Provided entries
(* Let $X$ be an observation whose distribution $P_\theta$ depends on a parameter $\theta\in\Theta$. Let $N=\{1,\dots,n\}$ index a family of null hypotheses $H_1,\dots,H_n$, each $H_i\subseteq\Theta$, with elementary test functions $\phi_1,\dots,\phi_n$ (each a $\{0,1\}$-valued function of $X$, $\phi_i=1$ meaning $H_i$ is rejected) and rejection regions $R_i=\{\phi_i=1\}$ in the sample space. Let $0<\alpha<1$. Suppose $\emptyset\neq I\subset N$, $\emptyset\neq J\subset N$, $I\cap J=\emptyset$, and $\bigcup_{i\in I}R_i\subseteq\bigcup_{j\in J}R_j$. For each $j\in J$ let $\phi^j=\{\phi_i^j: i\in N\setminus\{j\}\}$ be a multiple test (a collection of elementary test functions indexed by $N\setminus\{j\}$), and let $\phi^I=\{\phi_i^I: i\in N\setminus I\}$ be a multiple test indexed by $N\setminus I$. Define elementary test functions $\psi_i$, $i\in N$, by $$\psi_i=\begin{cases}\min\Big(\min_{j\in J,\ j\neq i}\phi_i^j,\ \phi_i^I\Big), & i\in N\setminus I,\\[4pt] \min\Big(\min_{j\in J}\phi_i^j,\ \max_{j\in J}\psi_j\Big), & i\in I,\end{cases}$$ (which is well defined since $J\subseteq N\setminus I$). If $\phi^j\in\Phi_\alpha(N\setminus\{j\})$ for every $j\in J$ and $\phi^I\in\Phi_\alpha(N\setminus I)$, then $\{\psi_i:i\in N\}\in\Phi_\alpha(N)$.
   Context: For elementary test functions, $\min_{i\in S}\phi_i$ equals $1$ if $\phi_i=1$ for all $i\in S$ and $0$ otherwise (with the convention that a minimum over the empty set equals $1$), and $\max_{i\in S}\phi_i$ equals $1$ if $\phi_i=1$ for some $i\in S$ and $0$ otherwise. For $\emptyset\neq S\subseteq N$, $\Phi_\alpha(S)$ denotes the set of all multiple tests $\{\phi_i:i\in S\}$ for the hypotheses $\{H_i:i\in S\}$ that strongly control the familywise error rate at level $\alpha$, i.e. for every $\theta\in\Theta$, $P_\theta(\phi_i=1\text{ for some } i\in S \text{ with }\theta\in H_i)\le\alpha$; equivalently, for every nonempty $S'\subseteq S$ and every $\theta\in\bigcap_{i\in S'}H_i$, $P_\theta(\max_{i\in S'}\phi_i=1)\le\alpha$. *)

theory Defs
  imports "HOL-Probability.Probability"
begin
* * *
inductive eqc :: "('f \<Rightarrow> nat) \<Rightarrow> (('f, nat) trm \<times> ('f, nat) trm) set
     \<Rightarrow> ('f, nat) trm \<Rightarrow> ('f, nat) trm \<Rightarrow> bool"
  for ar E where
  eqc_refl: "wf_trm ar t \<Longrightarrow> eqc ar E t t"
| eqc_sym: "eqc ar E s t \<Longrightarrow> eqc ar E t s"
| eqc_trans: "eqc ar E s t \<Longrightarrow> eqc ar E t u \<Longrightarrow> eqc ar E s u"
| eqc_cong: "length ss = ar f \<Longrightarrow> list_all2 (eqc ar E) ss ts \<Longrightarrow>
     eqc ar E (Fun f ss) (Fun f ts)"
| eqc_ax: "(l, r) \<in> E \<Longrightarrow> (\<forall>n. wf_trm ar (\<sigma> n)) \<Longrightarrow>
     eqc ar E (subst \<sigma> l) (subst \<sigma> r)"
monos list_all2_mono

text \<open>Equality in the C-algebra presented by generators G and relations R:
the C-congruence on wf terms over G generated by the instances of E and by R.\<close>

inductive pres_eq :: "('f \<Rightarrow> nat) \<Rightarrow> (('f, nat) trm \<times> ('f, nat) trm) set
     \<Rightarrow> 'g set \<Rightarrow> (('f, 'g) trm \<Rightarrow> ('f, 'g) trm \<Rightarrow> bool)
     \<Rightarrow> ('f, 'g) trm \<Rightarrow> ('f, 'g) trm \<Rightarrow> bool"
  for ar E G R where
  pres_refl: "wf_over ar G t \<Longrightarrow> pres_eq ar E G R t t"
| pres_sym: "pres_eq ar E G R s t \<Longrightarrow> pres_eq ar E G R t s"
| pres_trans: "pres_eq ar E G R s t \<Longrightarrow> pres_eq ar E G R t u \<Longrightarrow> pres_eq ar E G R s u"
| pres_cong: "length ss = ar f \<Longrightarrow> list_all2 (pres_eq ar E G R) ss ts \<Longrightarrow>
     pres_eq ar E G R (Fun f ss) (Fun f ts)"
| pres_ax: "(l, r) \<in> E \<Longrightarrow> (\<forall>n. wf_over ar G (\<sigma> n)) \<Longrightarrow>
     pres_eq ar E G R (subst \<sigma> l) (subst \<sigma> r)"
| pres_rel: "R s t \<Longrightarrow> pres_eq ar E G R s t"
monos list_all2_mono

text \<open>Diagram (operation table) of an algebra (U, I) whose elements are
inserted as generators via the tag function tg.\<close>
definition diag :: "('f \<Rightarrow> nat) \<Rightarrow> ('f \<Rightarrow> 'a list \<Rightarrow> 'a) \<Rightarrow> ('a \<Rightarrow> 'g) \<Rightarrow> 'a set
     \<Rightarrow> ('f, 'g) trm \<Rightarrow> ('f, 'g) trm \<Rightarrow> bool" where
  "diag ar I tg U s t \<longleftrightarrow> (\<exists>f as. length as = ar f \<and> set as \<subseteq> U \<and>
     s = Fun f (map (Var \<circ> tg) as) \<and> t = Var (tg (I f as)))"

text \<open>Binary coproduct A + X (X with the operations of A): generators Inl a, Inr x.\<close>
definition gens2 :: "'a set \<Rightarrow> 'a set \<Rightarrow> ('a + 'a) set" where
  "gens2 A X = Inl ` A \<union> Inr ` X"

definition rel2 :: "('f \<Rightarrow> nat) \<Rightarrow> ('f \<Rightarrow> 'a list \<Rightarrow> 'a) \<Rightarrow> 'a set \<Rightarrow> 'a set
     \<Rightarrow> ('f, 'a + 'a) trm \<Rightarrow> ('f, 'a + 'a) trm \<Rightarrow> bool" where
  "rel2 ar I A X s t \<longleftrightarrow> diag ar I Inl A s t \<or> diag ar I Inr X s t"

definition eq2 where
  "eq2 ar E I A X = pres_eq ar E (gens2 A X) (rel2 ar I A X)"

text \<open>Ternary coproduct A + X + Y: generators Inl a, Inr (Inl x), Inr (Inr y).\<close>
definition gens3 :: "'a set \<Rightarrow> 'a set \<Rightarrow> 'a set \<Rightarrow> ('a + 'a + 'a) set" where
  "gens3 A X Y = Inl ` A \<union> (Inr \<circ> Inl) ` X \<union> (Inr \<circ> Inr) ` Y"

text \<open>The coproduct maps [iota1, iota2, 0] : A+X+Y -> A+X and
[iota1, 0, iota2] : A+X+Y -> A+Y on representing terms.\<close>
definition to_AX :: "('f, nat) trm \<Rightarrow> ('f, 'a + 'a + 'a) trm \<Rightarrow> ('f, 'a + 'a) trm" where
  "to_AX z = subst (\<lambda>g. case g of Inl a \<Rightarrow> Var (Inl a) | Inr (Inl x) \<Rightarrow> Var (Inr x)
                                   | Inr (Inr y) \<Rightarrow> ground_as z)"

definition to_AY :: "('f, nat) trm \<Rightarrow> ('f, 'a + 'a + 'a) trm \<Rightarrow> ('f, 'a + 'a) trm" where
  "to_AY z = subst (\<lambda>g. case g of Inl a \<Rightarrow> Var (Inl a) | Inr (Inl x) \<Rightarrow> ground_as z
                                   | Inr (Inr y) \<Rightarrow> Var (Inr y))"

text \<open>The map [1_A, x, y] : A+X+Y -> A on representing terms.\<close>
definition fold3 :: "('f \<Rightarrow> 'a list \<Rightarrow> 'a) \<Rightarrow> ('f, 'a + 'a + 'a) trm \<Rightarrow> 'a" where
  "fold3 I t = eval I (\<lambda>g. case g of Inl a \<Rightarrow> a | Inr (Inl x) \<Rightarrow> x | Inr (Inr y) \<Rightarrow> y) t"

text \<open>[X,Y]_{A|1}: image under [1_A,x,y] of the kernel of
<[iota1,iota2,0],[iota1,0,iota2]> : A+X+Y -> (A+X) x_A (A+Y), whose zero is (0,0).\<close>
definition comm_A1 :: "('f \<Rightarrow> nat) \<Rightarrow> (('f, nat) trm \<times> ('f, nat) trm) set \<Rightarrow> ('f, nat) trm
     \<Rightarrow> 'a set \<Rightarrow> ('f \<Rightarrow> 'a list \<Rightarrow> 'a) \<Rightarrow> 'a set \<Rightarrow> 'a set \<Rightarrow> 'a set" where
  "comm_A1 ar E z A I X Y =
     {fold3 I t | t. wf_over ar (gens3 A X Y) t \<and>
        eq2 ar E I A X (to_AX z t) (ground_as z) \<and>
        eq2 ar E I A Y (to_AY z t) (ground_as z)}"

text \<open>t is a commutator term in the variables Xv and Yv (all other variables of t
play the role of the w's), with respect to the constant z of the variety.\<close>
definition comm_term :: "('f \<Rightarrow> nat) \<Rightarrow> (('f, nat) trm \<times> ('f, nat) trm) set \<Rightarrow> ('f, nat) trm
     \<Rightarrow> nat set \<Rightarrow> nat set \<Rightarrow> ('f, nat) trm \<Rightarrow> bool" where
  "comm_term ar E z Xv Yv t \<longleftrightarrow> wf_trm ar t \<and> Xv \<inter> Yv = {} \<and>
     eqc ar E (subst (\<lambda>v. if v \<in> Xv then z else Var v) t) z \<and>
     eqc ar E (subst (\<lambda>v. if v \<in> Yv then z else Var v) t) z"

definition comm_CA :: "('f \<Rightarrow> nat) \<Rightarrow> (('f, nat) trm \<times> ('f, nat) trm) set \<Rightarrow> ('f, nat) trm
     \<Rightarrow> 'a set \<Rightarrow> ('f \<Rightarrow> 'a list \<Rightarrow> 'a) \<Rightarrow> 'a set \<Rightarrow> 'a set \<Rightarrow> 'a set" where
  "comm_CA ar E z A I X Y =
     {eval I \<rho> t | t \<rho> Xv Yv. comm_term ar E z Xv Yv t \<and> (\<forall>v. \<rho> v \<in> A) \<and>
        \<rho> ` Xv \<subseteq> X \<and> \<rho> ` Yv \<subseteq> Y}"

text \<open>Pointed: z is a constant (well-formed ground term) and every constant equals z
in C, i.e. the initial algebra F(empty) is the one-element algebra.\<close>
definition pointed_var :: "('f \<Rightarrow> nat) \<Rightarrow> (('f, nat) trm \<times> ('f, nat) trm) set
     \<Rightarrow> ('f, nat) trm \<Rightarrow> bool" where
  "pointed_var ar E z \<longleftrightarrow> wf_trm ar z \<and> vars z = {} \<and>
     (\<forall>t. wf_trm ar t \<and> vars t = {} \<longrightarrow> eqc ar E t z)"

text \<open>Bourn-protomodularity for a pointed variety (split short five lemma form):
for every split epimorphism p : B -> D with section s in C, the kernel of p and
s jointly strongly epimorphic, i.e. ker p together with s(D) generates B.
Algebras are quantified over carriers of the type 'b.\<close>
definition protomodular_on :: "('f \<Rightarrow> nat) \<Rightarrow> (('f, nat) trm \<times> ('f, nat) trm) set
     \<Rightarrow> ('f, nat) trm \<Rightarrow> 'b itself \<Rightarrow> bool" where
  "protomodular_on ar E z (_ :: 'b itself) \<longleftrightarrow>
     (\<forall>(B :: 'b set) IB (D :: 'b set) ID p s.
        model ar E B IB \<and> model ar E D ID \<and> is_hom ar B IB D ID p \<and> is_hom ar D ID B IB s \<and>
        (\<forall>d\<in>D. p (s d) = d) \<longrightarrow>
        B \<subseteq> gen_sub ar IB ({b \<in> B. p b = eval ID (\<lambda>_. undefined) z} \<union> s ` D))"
* * *
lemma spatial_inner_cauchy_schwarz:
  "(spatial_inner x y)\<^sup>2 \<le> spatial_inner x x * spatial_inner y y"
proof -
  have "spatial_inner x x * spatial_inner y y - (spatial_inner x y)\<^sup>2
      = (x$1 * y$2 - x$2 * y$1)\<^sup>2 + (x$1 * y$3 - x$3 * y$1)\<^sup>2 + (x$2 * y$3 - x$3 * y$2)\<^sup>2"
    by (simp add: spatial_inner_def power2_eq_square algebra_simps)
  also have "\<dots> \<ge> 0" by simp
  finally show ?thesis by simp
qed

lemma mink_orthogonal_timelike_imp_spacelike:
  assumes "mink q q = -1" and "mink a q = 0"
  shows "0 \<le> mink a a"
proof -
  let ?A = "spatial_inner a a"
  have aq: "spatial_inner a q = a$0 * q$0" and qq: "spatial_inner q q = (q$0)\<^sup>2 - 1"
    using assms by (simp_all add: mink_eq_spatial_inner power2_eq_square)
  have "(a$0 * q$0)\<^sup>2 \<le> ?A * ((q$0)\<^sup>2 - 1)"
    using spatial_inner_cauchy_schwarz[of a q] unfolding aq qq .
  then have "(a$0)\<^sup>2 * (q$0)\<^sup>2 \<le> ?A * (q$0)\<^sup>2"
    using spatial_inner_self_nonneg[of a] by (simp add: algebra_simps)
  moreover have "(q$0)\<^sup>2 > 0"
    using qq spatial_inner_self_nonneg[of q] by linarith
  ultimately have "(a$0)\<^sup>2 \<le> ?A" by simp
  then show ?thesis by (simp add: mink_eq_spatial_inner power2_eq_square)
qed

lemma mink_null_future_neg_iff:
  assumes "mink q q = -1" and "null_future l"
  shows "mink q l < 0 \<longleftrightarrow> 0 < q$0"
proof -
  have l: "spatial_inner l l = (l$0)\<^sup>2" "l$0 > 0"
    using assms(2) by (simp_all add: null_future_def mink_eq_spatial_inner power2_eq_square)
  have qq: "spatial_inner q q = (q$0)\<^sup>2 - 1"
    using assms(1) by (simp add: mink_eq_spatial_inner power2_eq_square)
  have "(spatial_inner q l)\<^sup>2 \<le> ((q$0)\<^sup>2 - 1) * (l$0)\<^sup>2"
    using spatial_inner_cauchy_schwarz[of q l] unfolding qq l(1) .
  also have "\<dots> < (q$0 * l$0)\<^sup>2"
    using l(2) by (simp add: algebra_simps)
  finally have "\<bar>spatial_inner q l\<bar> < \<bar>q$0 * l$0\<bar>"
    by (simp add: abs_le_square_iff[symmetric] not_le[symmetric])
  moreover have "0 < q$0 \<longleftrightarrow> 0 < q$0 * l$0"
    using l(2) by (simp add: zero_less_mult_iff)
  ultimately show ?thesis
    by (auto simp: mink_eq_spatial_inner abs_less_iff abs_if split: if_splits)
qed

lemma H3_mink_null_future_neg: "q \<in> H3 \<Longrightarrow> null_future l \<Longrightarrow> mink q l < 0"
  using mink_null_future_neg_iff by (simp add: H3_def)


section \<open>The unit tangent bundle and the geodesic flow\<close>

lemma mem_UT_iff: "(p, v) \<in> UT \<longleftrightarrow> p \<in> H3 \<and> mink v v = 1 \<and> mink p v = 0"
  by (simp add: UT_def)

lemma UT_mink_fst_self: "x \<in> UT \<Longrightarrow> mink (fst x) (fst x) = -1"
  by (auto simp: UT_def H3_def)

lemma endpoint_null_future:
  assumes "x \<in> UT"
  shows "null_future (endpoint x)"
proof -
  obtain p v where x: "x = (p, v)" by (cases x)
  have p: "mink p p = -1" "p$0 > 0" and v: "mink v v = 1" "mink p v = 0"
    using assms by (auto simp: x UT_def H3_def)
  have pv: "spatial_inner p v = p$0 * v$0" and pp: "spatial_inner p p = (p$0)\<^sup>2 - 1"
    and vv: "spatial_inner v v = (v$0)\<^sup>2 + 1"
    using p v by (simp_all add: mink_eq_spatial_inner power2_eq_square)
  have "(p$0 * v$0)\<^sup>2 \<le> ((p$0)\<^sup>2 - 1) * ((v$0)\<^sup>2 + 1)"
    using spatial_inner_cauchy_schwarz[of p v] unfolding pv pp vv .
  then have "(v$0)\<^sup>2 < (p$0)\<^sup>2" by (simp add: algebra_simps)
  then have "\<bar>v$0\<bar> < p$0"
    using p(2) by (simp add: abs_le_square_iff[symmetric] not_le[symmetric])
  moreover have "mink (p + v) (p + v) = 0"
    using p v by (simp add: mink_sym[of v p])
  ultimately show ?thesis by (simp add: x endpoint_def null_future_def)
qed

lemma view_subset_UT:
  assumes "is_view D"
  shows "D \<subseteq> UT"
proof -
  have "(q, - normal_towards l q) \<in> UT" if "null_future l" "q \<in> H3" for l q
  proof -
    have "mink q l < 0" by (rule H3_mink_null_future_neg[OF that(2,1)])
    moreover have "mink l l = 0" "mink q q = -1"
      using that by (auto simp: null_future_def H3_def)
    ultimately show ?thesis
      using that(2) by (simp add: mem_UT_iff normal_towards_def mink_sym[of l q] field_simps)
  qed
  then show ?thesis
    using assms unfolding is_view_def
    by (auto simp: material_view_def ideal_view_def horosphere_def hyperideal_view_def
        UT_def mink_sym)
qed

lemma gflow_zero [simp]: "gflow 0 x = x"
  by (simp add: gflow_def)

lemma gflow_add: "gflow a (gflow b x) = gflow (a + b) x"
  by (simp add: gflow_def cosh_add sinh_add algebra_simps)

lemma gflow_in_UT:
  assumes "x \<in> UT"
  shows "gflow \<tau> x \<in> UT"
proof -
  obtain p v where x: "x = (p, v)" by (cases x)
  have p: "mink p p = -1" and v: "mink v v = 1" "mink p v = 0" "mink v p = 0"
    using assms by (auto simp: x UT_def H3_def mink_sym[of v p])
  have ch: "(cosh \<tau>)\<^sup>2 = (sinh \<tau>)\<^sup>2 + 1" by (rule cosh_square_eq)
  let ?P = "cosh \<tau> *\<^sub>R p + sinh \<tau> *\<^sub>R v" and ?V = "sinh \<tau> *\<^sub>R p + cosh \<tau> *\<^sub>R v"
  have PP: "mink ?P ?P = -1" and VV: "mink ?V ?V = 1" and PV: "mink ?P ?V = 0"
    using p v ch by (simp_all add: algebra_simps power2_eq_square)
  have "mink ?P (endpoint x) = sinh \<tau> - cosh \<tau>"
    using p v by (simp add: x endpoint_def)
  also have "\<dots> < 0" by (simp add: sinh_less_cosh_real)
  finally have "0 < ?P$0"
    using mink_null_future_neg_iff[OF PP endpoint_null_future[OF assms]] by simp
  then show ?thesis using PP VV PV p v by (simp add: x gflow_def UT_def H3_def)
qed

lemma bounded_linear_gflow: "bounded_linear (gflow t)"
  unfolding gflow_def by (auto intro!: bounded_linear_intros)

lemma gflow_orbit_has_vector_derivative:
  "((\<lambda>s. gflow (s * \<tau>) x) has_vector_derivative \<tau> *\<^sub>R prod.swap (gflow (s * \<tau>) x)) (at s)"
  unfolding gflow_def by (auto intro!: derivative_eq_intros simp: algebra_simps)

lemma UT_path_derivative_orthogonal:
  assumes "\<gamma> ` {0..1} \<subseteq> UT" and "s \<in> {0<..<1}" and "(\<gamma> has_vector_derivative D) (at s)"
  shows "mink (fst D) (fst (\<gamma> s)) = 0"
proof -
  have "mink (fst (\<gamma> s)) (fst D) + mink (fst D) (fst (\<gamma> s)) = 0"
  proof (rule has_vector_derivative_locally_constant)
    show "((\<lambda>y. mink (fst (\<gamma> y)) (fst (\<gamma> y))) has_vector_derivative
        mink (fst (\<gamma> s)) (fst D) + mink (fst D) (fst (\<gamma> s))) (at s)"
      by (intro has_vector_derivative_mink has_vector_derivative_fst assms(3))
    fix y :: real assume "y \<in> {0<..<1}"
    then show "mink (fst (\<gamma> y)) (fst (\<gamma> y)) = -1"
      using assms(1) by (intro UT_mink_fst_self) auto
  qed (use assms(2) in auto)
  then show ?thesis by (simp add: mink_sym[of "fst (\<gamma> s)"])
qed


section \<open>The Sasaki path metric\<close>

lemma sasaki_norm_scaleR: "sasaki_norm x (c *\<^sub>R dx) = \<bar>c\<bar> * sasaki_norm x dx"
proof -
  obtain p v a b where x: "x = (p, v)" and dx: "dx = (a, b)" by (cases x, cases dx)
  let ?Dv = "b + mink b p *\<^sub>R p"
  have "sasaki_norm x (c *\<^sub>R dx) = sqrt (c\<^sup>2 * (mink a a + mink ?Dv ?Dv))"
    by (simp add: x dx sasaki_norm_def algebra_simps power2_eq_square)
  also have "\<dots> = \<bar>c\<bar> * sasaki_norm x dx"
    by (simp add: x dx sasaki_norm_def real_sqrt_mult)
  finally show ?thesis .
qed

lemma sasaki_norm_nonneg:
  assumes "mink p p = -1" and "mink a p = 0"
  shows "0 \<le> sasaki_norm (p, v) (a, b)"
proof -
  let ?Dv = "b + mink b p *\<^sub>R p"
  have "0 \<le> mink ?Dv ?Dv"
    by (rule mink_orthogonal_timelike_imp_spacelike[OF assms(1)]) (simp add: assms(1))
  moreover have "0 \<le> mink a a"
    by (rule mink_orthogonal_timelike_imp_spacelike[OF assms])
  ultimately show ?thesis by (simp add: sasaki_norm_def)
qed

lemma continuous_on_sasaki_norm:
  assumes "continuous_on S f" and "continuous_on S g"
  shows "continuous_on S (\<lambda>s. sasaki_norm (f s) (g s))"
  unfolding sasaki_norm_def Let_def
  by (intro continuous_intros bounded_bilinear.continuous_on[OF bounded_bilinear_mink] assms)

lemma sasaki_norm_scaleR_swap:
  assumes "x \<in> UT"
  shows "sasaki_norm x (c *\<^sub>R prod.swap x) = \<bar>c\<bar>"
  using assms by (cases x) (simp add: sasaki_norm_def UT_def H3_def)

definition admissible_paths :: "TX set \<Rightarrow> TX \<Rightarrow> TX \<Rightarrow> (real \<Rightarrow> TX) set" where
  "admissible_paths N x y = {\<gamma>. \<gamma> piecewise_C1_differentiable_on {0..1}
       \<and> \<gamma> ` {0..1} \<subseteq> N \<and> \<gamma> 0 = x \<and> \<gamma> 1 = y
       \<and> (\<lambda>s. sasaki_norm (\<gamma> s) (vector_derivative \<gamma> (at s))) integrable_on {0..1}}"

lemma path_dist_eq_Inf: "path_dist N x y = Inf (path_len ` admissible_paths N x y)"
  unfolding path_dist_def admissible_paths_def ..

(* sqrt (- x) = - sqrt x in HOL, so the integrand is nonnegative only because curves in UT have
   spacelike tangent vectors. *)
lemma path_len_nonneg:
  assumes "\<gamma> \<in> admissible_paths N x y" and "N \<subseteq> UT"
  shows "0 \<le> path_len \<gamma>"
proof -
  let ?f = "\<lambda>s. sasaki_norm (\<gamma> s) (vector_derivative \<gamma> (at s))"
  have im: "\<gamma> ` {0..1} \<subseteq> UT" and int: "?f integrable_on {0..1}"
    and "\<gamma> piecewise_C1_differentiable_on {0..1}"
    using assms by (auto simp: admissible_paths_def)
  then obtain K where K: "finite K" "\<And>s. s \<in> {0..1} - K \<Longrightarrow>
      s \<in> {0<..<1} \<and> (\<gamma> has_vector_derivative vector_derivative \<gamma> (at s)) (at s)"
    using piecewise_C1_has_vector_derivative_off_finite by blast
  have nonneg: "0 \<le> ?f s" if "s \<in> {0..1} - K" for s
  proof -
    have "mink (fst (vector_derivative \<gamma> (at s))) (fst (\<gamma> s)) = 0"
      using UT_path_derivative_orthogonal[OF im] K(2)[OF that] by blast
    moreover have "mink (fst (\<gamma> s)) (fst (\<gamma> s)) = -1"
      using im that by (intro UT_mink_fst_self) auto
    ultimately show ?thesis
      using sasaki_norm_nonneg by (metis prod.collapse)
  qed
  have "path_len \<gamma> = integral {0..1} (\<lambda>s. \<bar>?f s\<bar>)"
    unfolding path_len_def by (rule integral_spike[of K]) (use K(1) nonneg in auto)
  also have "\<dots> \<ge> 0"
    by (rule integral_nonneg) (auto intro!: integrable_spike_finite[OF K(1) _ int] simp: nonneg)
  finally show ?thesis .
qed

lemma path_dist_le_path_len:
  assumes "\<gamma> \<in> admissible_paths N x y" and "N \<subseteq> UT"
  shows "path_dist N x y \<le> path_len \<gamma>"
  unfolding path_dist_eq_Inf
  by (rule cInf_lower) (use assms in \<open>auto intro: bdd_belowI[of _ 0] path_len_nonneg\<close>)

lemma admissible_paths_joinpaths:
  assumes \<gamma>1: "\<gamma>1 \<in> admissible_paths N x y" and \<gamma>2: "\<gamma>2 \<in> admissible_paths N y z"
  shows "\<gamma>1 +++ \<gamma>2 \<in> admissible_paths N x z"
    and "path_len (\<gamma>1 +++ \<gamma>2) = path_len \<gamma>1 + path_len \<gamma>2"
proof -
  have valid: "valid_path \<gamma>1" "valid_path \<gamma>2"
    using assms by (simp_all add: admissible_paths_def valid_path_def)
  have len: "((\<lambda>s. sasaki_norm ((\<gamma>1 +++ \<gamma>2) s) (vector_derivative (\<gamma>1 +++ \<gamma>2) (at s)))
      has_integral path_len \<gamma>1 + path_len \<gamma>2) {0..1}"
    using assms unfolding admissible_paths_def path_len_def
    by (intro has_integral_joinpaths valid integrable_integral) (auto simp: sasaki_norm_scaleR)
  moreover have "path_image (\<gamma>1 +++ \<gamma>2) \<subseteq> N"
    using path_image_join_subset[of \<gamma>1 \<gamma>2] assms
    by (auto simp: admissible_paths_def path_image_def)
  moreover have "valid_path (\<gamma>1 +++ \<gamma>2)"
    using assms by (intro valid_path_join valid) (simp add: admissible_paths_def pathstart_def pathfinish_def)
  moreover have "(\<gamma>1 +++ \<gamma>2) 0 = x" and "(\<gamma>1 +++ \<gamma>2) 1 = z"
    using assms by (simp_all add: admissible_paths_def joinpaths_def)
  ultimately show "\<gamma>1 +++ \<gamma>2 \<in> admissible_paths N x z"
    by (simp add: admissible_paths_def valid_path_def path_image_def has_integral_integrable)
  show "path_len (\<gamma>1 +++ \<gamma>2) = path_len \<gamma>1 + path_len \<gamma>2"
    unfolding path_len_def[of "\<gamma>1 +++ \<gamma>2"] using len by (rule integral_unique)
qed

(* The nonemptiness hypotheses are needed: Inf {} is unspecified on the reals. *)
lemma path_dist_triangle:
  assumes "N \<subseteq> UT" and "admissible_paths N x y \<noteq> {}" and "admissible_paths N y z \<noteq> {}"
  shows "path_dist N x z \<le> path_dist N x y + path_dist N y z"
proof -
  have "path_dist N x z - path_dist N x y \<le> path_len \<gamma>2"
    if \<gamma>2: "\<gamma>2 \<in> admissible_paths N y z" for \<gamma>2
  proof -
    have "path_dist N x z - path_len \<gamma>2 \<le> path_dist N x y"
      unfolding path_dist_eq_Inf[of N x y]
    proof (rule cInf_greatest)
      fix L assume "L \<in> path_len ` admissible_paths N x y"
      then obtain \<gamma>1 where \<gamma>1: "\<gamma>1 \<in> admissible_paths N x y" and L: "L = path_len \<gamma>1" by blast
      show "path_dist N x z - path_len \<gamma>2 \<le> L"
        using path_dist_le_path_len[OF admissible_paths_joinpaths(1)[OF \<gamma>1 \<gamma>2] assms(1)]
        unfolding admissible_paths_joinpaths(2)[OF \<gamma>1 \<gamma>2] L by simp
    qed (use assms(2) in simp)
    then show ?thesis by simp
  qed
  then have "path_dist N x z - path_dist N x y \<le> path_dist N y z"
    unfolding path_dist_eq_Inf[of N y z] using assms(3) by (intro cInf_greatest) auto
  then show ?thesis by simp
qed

Task requirements
The reply should consist solely of the lines above from the one that has "by (intro has_vector_derivative_mink" through the one that has "qed (use assms(2) in auto)", reproduced exactly.

Your solution
      by (intro has_vector_derivative_mink has_vector_derivative_fst assms(3))
    fix y :: real assume "y \<in> {0<..<1}"
    then show "mink (fst (\<gamma> y)) (fst (\<gamma> y)) = -1"
      using assms(1) by (intro UT_mink_fst_self) auto
  qed (use assms(2) in auto)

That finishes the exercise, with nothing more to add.